▶ What you should do
Collect each line of the entries that holds the string "distribution".

··· Data to examine

(* Let $F_0\in\mathcal F$. For all $x\in(1/3,1/2)$ and all integers $t\ge 0$, $$F_{4,t}(x)\le F_0(x)\cdot\left[1-4\left(\tfrac12 - F_0\!\left(\tfrac{x}{3}+\tfrac13\right)\right)^3\right]^t.$$
   Context: Voters form a continuum uniformly distributed on $[0,1]$. Candidates occupy points of $[0,1]$ and each voter votes for the nearest candidate. For candidates at distinct positions, the vote share of a candidate is the measure of the set of voters closer to it than to any other candidate: half the distance between its left and right neighbours, where a leftmost candidate at $y$ additionally receives all of $[0,y]$ and a rightmost candidate at $y$ additionally receives all of $[y,1]$. The plurality winner is the candidate with largest vote share, ties broken uniformly at random. Write $\mathrm{plurality}(x_1,\dots,x_k)$ for the (random) position of the plurality winner. Replicator dynamics: given a probability distribution $F_0$ on $[0,1]$ (identified with its CDF) and an integer $k\ge 2$, set $F_{k,0}=F_0$, and for $t\ge 1$ let $F_{k,t}(x)=\Pr(\mathrm{plurality}(X_{1,t},\dots,X_{k,t})\le x)$, where $X_{1,t},\dots,X_{k,t}$ are i.i.d. with distribution $F_{k,t-1}$. $\mathcal F$ denotes the set of probability distributions on $[0,1]$ that are symmetric about $1/2$ and atomless (continuous CDF). *)

theory Defs
  imports "HOL-Probability.Probability"
begin

definition vote_share :: "nat \<Rightarrow> (nat \<Rightarrow> real) \<Rightarrow> nat \<Rightarrow> real" where
  "vote_share k xs i =
     measure lborel {v \<in> {0..1}. \<forall>j<k. j \<noteq> i \<longrightarrow> \<bar>v - xs i\<bar> < \<bar>v - xs j\<bar>}"

definition plurality_set :: "nat \<Rightarrow> (nat \<Rightarrow> real) \<Rightarrow> nat set" where
  "plurality_set k xs = {i. i < k \<and> (\<forall>j<k. vote_share k xs j \<le> vote_share k xs i)}"

definition win_prob :: "nat \<Rightarrow> (nat \<Rightarrow> real) \<Rightarrow> nat \<Rightarrow> real" where
  "win_prob k xs i =
     (if i \<in> plurality_set k xs then 1 / real (card (plurality_set k xs)) else 0)"

text \<open>One step of the replicator dynamics: distribution of the position of the
  plurality winner among k i.i.d. candidates drawn from M.\<close>
definition plurality_step :: "nat \<Rightarrow> real measure \<Rightarrow> real measure" where
  "plurality_step k M =
     measure_of UNIV (sets borel)
       (\<lambda>A. \<integral>\<^sup>+ xs. ennreal (\<Sum>i<k. win_prob k xs i * indicator A (xs i))
              \<partial>(PiM {..<k} (\<lambda>_. M)))"

definition replicator_cdf :: "nat \<Rightarrow> nat \<Rightarrow> real measure \<Rightarrow> real \<Rightarrow> real" where
  "replicator_cdf k t M x = measure ((plurality_step k ^^ t) M) {..x}"

definition calF :: "real measure set" where
  "calF = {M. prob_space M \<and> sets M = sets borel \<and> measure M {0..1} = 1
             \<and> distr M borel (\<lambda>y. 1 - y) = M \<and> (\<forall>y. measure M {y} = 0)}"

end

theory Submission
  imports Defs
begin

text \<open>Let \<open>F\<close> be symmetric and atomless, \<open>f = F(x)\<close> and \<open>c = x/3 + 1/3\<close>. By symmetry, twice
  the probability that the plurality winner of four independent candidates lies in \<open>[0, x]\<close>
  is the expected win mass of the candidates in \<open>[0, x] \<union> [1 - x, 1]\<close>. Comparing Voronoi
  cells, a candidate in \<open>[0, x]\<close> can only win if another candidate lies in \<open>[1 - x, 1]\<close>, or all
  four lie in \<open>[0, x]\<close>, or it is the only one there while the other three lie in
  \<open>(x, 1 - x)\<close> with positions summing to at least \<open>2 - x\<close>. Of the eight configurations obtained
  by reflecting some of these three candidates about \<open>1/2\<close>, at most two satisfy the last
  condition, and none does when all three lie in \<open>(c, 1 - c)\<close>. Integrating gives
  \<open>F\<^sub>t\<^sub>+\<^sub>1(x) \<le> f - f (1 - 2 F(c))\<^sup>3 \<le> f (1 - 4 (1/2 - F(c))\<^sup>3)\<close>. One step preserves symmetry and
  atomlessness, and the same bound at \<open>c\<close> shows that \<open>F\<^sub>t(c)\<close> does not increase with \<open>t\<close>;
  iterating gives the theorem.\<close>

section \<open>Vote shares and plurality winners\<close>

definition voronoi_cell :: "nat \<Rightarrow> (nat \<Rightarrow> real) \<Rightarrow> nat \<Rightarrow> real set" where
  "voronoi_cell k xs i = {v \<in> {0..1}. \<forall>j<k. j \<noteq> i \<longrightarrow> \<bar>v - xs i\<bar> < \<bar>v - xs j\<bar>}"

lemma vote_share_eq_measure_cell: "vote_share k xs i = measure lborel (voronoi_cell k xs i)"
  by (simp add: vote_share_def voronoi_cell_def)

lemma sets_voronoi_cell [measurable]: "voronoi_cell k xs i \<in> sets borel"
proof -
  have "voronoi_cell k xs i =
      {v \<in> space borel. v \<in> {0..1} \<and> (\<forall>j\<in>{..<k}. j \<noteq> i \<longrightarrow> \<bar>v - xs i\<bar> < \<bar>v - xs j\<bar>)}"
    unfolding voronoi_cell_def by auto
  also have "\<dots> \<in> sets borel" by measurable
  finally show ?thesis .
qed

lemma fmeasurable_voronoi_cell: "voronoi_cell k xs i \<in> fmeasurable lborel"
  by (rule fmeasurableI2[of "{0..1}"])
    (use fmeasurable_cbox[of "0::real" 1] in \<open>auto simp: voronoi_cell_def\<close>)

······

▶ Solution to the problem
   Context: Voters form a continuum uniformly distributed on $[0,1]$. Candidates occupy points of $[0,1]$ and each voter votes for the nearest candidate. For candidates at distinct positions, the vote share of a candidate is the measure of the set of voters closer to it than to any other candidate: half the distance between its left and right neighbours, where a leftmost candidate at $y$ additionally receives all of $[0,y]$ and a rightmost candidate at $y$ additionally receives all of $[y,1]$. The plurality winner is the candidate with largest vote share, ties broken uniformly at random. Write $\mathrm{plurality}(x_1,\dots,x_k)$ for the (random) position of the plurality winner. Replicator dynamics: given a probability distribution $F_0$ on $[0,1]$ (identified with its CDF) and an integer $k\ge 2$, set $F_{k,0}=F_0$, and for $t\ge 1$ let $F_{k,t}(x)=\Pr(\mathrm{plurality}(X_{1,t},\dots,X_{k,t})\le x)$, where $X_{1,t},\dots,X_{k,t}$ are i.i.d. with distribution $F_{k,t-1}$. $\mathcal F$ denotes the set of probability distributions on $[0,1]$ that are symmetric about $1/2$ and atomless (continuous CDF). *)
text \<open>One step of the replicator dynamics: distribution of the position of the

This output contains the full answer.